For the records below, report how many lines include "dots", with no accompanying text.

Stored data entries:
○ ○ ○ ○ ○ ○ ○

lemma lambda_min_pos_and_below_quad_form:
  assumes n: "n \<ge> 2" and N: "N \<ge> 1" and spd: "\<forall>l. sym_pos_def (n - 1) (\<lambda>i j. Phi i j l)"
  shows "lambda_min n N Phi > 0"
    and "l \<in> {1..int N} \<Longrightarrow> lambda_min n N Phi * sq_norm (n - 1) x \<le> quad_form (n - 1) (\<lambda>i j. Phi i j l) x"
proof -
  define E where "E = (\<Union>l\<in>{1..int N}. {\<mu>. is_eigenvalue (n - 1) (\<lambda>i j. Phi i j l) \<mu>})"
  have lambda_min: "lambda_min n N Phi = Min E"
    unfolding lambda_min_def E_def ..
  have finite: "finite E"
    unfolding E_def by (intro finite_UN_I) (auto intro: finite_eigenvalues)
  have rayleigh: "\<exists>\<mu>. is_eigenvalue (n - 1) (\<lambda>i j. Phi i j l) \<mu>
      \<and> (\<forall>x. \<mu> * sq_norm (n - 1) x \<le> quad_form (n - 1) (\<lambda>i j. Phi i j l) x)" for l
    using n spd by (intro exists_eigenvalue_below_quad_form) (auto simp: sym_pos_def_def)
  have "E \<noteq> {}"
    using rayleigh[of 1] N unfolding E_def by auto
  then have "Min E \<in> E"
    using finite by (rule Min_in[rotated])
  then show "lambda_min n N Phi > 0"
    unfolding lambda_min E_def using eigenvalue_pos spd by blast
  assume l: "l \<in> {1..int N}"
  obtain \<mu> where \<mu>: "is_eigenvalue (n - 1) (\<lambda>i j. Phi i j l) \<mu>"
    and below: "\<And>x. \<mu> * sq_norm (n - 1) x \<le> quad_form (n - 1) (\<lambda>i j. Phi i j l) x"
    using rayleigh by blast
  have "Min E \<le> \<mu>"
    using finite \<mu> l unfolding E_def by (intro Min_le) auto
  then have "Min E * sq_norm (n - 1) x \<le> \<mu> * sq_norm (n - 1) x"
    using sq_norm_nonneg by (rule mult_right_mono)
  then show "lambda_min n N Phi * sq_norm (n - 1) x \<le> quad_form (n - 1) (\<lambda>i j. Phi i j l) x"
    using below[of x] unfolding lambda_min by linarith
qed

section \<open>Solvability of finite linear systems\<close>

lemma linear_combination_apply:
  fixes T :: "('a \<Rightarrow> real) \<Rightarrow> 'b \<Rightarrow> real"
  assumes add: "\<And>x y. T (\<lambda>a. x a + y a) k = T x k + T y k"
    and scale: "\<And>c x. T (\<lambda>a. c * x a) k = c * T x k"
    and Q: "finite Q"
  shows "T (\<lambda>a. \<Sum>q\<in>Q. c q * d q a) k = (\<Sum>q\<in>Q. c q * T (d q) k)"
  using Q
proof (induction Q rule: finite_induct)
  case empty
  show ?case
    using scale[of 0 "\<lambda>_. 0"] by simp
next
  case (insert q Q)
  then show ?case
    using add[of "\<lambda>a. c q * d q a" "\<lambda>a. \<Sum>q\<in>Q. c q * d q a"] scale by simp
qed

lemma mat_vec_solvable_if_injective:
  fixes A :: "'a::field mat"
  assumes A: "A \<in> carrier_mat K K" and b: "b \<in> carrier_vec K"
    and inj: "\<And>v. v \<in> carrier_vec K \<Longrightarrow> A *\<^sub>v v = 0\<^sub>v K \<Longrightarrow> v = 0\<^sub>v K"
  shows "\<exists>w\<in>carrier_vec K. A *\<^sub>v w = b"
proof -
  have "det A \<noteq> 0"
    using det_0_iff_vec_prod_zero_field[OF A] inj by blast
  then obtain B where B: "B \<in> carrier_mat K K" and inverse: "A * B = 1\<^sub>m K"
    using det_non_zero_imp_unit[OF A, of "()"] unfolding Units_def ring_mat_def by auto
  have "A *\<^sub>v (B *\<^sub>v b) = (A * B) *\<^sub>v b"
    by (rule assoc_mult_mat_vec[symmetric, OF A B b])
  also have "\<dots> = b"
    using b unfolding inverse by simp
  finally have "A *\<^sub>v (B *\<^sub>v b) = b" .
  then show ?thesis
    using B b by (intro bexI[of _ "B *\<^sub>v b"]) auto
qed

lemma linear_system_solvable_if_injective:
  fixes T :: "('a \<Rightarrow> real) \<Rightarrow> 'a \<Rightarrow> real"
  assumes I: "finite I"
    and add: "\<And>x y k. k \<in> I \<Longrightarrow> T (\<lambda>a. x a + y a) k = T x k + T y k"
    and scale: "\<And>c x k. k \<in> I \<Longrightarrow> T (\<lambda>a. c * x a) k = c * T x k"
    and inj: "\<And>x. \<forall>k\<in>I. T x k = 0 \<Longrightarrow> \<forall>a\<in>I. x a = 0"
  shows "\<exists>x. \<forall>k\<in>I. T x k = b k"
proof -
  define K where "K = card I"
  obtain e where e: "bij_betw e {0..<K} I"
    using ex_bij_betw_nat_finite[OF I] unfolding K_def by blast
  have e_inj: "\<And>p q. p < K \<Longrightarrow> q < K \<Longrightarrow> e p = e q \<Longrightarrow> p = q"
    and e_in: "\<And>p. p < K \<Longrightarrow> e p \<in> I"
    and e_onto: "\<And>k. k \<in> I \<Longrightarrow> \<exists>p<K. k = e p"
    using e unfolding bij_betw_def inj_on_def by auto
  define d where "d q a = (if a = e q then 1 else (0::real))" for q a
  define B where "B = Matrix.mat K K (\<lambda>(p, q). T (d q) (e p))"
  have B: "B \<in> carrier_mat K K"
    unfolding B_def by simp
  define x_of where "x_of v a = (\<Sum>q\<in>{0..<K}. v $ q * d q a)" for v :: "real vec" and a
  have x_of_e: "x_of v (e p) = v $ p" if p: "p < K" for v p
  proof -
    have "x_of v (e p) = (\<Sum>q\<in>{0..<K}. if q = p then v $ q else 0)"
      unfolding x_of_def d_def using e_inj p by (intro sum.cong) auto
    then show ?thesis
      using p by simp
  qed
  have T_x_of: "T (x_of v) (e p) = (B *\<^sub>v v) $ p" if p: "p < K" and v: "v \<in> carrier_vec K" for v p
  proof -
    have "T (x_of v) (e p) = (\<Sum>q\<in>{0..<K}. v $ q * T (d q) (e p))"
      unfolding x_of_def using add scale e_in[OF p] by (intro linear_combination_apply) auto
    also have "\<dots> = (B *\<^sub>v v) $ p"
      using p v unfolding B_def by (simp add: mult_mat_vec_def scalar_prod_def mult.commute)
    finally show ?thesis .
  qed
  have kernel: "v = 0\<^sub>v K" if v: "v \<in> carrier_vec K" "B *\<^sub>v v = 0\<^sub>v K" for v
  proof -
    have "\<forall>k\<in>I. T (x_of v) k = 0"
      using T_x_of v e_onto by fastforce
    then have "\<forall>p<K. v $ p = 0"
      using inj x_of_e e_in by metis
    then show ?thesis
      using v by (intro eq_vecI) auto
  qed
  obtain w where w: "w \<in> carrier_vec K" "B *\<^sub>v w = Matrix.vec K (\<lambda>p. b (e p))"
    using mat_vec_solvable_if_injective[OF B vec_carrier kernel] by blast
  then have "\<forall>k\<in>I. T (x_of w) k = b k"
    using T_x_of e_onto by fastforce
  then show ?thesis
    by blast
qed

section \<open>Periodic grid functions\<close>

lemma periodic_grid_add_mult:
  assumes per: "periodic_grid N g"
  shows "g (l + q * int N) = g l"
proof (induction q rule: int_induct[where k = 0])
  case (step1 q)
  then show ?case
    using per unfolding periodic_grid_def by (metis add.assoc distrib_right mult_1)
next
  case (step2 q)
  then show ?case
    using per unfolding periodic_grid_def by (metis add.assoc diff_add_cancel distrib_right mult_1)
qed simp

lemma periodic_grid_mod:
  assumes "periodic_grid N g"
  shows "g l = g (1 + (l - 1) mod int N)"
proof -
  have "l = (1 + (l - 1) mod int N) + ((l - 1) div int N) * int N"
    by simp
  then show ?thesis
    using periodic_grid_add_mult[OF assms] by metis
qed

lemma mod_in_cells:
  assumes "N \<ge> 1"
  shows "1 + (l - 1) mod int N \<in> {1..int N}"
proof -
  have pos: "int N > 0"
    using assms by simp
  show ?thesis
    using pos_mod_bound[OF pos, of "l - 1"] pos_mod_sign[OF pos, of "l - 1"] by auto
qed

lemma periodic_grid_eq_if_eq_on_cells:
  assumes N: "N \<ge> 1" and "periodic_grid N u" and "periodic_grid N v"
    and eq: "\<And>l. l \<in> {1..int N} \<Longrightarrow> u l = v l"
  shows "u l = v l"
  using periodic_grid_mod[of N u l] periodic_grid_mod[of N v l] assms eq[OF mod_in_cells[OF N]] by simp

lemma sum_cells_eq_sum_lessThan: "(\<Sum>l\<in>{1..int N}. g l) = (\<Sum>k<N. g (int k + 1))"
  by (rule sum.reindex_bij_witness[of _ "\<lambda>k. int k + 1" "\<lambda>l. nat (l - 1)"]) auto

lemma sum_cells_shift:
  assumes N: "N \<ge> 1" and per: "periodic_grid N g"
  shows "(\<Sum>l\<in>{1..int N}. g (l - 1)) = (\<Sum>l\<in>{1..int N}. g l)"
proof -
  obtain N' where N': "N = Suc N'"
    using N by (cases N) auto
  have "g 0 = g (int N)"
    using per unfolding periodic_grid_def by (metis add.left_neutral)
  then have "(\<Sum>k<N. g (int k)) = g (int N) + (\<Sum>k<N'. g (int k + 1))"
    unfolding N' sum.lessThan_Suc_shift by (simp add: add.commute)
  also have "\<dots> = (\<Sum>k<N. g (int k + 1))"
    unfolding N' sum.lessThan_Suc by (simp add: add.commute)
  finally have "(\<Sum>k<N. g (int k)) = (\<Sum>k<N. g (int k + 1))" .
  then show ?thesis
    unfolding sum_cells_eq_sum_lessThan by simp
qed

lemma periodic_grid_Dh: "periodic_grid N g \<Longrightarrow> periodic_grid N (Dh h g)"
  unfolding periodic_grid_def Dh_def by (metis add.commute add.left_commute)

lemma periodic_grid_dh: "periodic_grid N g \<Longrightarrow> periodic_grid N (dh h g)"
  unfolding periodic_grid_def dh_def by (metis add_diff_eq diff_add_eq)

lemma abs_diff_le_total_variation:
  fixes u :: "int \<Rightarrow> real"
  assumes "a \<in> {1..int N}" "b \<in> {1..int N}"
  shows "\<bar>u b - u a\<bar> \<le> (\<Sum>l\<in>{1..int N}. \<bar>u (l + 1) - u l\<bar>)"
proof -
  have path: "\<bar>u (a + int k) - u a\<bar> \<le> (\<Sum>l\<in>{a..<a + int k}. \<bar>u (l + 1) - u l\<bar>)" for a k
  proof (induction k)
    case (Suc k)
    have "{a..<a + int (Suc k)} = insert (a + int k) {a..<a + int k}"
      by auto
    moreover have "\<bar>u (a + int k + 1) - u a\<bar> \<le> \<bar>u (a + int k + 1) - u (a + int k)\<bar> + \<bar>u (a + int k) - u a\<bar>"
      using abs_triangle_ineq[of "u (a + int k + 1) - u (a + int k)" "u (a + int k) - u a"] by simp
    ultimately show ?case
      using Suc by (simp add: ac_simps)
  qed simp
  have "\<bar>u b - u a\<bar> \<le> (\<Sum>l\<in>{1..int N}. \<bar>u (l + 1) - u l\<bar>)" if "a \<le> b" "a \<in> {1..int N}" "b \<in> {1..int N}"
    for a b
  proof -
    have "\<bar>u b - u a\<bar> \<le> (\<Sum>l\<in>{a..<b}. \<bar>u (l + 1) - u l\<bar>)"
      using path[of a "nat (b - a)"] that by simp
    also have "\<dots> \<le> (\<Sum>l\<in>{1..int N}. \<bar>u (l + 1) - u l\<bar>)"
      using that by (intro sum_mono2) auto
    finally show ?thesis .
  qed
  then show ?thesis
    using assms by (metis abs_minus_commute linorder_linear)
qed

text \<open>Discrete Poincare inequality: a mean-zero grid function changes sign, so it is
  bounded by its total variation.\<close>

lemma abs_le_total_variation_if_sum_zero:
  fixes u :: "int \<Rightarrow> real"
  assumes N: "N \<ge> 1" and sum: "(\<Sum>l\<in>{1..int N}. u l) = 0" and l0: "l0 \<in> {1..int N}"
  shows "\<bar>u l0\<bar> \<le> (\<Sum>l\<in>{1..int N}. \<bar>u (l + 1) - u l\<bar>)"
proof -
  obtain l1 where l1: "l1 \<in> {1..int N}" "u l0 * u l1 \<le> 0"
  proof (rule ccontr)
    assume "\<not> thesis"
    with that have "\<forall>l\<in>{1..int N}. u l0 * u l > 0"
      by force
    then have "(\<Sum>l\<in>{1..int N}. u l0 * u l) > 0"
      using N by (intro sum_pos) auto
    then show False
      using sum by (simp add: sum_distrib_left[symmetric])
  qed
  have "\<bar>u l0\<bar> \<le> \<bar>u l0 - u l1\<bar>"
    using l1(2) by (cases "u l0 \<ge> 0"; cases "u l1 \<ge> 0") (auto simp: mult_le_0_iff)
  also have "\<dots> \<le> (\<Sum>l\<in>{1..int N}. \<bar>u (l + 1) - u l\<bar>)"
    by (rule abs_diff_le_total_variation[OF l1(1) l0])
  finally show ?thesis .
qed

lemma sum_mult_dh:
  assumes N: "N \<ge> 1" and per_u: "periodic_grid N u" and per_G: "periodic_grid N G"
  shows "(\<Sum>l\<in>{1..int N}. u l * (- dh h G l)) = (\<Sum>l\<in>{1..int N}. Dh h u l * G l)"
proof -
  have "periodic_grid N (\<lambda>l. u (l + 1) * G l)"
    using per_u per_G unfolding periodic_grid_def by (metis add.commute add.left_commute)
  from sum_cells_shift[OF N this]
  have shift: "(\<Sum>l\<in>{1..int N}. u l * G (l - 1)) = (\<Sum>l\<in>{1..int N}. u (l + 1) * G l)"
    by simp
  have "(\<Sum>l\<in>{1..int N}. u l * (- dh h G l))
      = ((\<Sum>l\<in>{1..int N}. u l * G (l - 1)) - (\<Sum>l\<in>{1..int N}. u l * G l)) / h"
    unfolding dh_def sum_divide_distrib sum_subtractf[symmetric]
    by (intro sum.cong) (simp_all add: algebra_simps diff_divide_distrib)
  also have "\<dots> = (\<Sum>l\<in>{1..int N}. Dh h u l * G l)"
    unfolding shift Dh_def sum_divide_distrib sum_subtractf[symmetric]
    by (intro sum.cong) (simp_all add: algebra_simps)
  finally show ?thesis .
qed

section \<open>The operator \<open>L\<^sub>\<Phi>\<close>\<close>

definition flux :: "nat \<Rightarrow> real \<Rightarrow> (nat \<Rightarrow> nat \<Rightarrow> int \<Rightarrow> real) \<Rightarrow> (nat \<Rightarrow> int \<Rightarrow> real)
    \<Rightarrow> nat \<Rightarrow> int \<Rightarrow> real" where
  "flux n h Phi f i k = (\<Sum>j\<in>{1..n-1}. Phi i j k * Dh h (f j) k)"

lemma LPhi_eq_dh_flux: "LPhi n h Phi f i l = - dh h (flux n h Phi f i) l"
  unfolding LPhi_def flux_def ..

○ ○ ○ ○ ○ ○ ○

## RESULT OF THE EXERCISE
6